* **The task**:
Each entry must be copied exactly, without omission.

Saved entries
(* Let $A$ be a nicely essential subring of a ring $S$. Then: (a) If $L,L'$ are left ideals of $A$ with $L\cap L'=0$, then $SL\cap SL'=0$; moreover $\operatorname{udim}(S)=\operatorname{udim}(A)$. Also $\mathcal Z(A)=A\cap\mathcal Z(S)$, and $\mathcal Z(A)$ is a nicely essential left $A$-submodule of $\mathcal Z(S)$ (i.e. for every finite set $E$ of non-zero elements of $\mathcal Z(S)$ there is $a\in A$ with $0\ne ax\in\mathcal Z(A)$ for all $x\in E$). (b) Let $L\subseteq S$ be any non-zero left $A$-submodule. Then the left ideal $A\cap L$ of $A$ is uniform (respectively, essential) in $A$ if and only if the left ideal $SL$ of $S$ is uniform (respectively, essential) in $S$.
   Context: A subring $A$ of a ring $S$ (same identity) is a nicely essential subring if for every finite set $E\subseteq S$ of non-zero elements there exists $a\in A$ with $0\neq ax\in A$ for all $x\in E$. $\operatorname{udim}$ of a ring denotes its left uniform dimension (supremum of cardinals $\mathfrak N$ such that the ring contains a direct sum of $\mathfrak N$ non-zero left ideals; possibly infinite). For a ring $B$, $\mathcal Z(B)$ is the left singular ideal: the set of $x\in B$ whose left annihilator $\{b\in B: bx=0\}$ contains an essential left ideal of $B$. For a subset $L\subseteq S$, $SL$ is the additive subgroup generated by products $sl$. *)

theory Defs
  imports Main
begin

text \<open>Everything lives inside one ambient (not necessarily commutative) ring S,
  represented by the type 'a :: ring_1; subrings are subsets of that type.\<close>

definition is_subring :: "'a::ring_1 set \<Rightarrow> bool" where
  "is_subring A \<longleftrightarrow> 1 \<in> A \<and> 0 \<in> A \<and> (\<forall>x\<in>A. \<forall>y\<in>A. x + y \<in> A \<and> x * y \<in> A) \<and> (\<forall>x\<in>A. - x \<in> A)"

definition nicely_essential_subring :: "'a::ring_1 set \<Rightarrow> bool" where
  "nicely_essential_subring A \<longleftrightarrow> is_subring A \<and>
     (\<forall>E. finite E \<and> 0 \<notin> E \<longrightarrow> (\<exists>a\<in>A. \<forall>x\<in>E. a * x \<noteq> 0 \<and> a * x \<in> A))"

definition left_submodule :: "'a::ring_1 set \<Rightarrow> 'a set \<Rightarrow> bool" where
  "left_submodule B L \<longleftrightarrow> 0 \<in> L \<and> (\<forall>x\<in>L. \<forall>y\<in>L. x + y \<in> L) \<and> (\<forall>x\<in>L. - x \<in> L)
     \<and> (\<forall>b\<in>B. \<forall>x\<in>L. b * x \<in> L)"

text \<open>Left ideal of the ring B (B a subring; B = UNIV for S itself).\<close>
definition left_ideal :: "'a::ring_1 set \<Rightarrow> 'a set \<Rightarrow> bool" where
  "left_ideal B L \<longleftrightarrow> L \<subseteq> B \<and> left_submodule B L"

* **Exercise solution**:
(* Let $A$ be a nicely essential subring of a ring $S$. Then: (a) If $L,L'$ are left ideals of $A$ with $L\cap L'=0$, then $SL\cap SL'=0$; moreover $\operatorname{udim}(S)=\operatorname{udim}(A)$. Also $\mathcal Z(A)=A\cap\mathcal Z(S)$, and $\mathcal Z(A)$ is a nicely essential left $A$-submodule of $\mathcal Z(S)$ (i.e. for every finite set $E$ of non-zero elements of $\mathcal Z(S)$ there is $a\in A$ with $0\ne ax\in\mathcal Z(A)$ for all $x\in E$). (b) Let $L\subseteq S$ be any non-zero left $A$-submodule. Then the left ideal $A\cap L$ of $A$ is uniform (respectively, essential) in $A$ if and only if the left ideal $SL$ of $S$ is uniform (respectively, essential) in $S$.
   Context: A subring $A$ of a ring $S$ (same identity) is a nicely essential subring if for every finite set $E\subseteq S$ of non-zero elements there exists $a\in A$ with $0\neq ax\in A$ for all $x\in E$. $\operatorname{udim}$ of a ring denotes its left uniform dimension (supremum of cardinals $\mathfrak N$ such that the ring contains a direct sum of $\mathfrak N$ non-zero left ideals; possibly infinite). For a ring $B$, $\mathcal Z(B)$ is the left singular ideal: the set of $x\in B$ whose left annihilator $\{b\in B: bx=0\}$ contains an essential left ideal of $B$. For a subset $L\subseteq S$, $SL$ is the additive subgroup generated by products $sl$. *)

theory Defs
  imports Main
begin

text \<open>Everything lives inside one ambient (not necessarily commutative) ring S,
  represented by the type 'a :: ring_1; subrings are subsets of that type.\<close>

definition is_subring :: "'a::ring_1 set \<Rightarrow> bool" where
  "is_subring A \<longleftrightarrow> 1 \<in> A \<and> 0 \<in> A \<and> (\<forall>x\<in>A. \<forall>y\<in>A. x + y \<in> A \<and> x * y \<in> A) \<and> (\<forall>x\<in>A. - x \<in> A)"

definition nicely_essential_subring :: "'a::ring_1 set \<Rightarrow> bool" where
  "nicely_essential_subring A \<longleftrightarrow> is_subring A \<and>
     (\<forall>E. finite E \<and> 0 \<notin> E \<longrightarrow> (\<exists>a\<in>A. \<forall>x\<in>E. a * x \<noteq> 0 \<and> a * x \<in> A))"

definition left_submodule :: "'a::ring_1 set \<Rightarrow> 'a set \<Rightarrow> bool" where
  "left_submodule B L \<longleftrightarrow> 0 \<in> L \<and> (\<forall>x\<in>L. \<forall>y\<in>L. x + y \<in> L) \<and> (\<forall>x\<in>L. - x \<in> L)
     \<and> (\<forall>b\<in>B. \<forall>x\<in>L. b * x \<in> L)"

text \<open>Left ideal of the ring B (B a subring; B = UNIV for S itself).\<close>
definition left_ideal :: "'a::ring_1 set \<Rightarrow> 'a set \<Rightarrow> bool" where
  "left_ideal B L \<longleftrightarrow> L \<subseteq> B \<and> left_submodule B L"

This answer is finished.